[Collected data entries]
lemma has_delta_derivative_imp_continuous_within:
  assumes "has_delta_derivative T z D t"
  shows "continuous (at t within T) z"
  unfolding continuous_within_eps_delta
proof (intro allI impI)
  fix \<epsilon> :: real assume "\<epsilon> > 0"
  have "t \<in> T" using assms by (simp add: has_delta_derivative_def)
  define m where "m = sigma T t - t"
  have "m \<ge> 0" using le_sigma[of t T] by (simp add: m_def)
  define e where "e = \<epsilon> / (4 * (m + 1))"
  have "e > 0" using \<open>\<epsilon> > 0\<close> \<open>m \<ge> 0\<close> by (simp add: e_def)
  have "e * (m + 1) = \<epsilon> / 4"
    using \<open>m \<ge> 0\<close> by (simp add: e_def field_simps add_nonneg_eq_0_iff)
  obtain \<delta>1 where "\<delta>1 > 0" and \<delta>1: "\<forall>s\<in>T. \<bar>s - t\<bar> < \<delta>1 \<longrightarrow>
      \<bar>z (sigma T t) - z s - D * (sigma T t - s)\<bar> \<le> e * \<bar>sigma T t - s\<bar>"
    using assms \<open>e > 0\<close> unfolding has_delta_derivative_def by blast
  define \<delta> where "\<delta> = min \<delta>1 (min 1 (\<epsilon> / (2 * (\<bar>D\<bar> + 1))))"
  have "dist (z s) (z t) < \<epsilon>" if "s \<in> T" "dist s t < \<delta>" for s
  proof -
    have st: "\<bar>s - t\<bar> < \<delta>" using that by (simp add: dist_real_def)
    have small: "e * \<bar>sigma T t - r\<bar> \<le> \<epsilon> / 4" if "\<bar>sigma T t - r\<bar> \<le> m + 1" for r
      using that \<open>e > 0\<close> \<open>e * (m + 1) = \<epsilon> / 4\<close> by (metis mult_left_mono less_imp_le)
    have "e * \<bar>sigma T t - s\<bar> \<le> \<epsilon> / 4"
      using st \<open>m \<ge> 0\<close> by (intro small) (auto simp: m_def \<delta>_def)
    moreover have "e * \<bar>sigma T t - t\<bar> \<le> \<epsilon> / 4"
      using \<open>m \<ge> 0\<close> by (intro small) (simp add: m_def)
    moreover have "\<bar>D\<bar> * \<bar>s - t\<bar> \<le> \<bar>D\<bar> * (\<epsilon> / (2 * (\<bar>D\<bar> + 1)))"
      using st by (intro mult_left_mono) (auto simp: \<delta>_def)
    moreover have "\<bar>D\<bar> * (\<epsilon> / (2 * (\<bar>D\<bar> + 1))) < \<epsilon> / 2"
      using \<open>\<epsilon> > 0\<close> by (simp add: field_simps)
    moreover have "\<bar>z s - z t\<bar> \<le> \<bar>z (sigma T t) - z s - D * (sigma T t - s)\<bar>
        + \<bar>z (sigma T t) - z t - D * (sigma T t - t)\<bar> + \<bar>D\<bar> * \<bar>s - t\<bar>"
      by (simp add: abs_mult[symmetric] algebra_simps)
    moreover have "\<bar>z (sigma T t) - z s - D * (sigma T t - s)\<bar> \<le> e * \<bar>sigma T t - s\<bar>"
      using \<delta>1 that st by (simp add: \<delta>_def)
    moreover have "\<bar>z (sigma T t) - z t - D * (sigma T t - t)\<bar> \<le> e * \<bar>sigma T t - t\<bar>"
      using \<delta>1 \<open>t \<in> T\<close> \<open>\<delta>1 > 0\<close> by simp
    ultimately show ?thesis by (simp add: dist_real_def)
  qed
  moreover have "\<delta> > 0" using \<open>\<delta>1 > 0\<close> \<open>\<epsilon> > 0\<close> by (simp add: \<delta>_def)
  ultimately show "\<exists>\<delta>>0. \<forall>s\<in>T. dist s t < \<delta> \<longrightarrow> dist (z s) (z t) < \<epsilon>" by blast
qed

lemma has_delta_derivative_imp_continuous_on:
  assumes "\<And>t. t \<in> S \<Longrightarrow> has_delta_derivative T z (\<zeta> t) t"
  shows "continuous_on S z"
proof -
  have "S \<subseteq> T" using assms by (auto simp: has_delta_derivative_def)
  then show ?thesis
    unfolding continuous_on_eq_continuous_within
    using assms has_delta_derivative_imp_continuous_within continuous_within_subset by blast
qed

lemma has_delta_derivative_diff:
  assumes "has_delta_derivative T f D t" "has_delta_derivative T g E t"
  shows "has_delta_derivative T (\<lambda>x. f x - g x) (D - E) t"
  unfolding has_delta_derivative_def
proof (intro conjI allI impI)
  show "t \<in> T" using assms by (simp add: has_delta_derivative_def)
  fix e :: real assume "e > 0"
  obtain d1 where d1: "d1 > 0" "\<forall>s\<in>T. \<bar>s - t\<bar> < d1 \<longrightarrow>
        \<bar>f (sigma T t) - f s - D * (sigma T t - s)\<bar> \<le> e / 2 * \<bar>sigma T t - s\<bar>"
    using assms(1) \<open>e > 0\<close> unfolding has_delta_derivative_def by (meson half_gt_zero)
  obtain d2 where d2: "d2 > 0" "\<forall>s\<in>T. \<bar>s - t\<bar> < d2 \<longrightarrow>
        \<bar>g (sigma T t) - g s - E * (sigma T t - s)\<bar> \<le> e / 2 * \<bar>sigma T t - s\<bar>"
    using assms(2) \<open>e > 0\<close> unfolding has_delta_derivative_def by (meson half_gt_zero)
  show "\<exists>\<delta>>0. \<forall>s\<in>T. \<bar>s - t\<bar> < \<delta> \<longrightarrow>
      \<bar>f (sigma T t) - g (sigma T t) - (f s - g s) - (D - E) * (sigma T t - s)\<bar> \<le> e * \<bar>sigma T t - s\<bar>"
  proof (intro exI[of _ "min d1 d2"] conjI ballI impI)
    show "min d1 d2 > 0" using d1 d2 by simp
    fix s assume "s \<in> T" "\<bar>s - t\<bar> < min d1 d2"
    then have "\<bar>f (sigma T t) - f s - D * (sigma T t - s)\<bar> \<le> e / 2 * \<bar>sigma T t - s\<bar>"
      and "\<bar>g (sigma T t) - g s - E * (sigma T t - s)\<bar> \<le> e / 2 * \<bar>sigma T t - s\<bar>"
      using d1 d2 by auto
    moreover have "\<bar>f (sigma T t) - g (sigma T t) - (f s - g s) - (D - E) * (sigma T t - s)\<bar>
       \<le> \<bar>f (sigma T t) - f s - D * (sigma T t - s)\<bar> + \<bar>g (sigma T t) - g s - E * (sigma T t - s)\<bar>"
      by (simp add: algebra_simps)
    ultimately show "\<bar>f (sigma T t) - g (sigma T t) - (f s - g s) - (D - E) * (sigma T t - s)\<bar>
        \<le> e * \<bar>sigma T t - s\<bar>" by linarith
  qed
qed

THE PROBLEM: The exercise is to copy out every line above that has the word "lemma" in it.

FINAL ANSWER:
lemma has_delta_derivative_imp_continuous_within:
lemma has_delta_derivative_imp_continuous_on:
lemma has_delta_derivative_diff:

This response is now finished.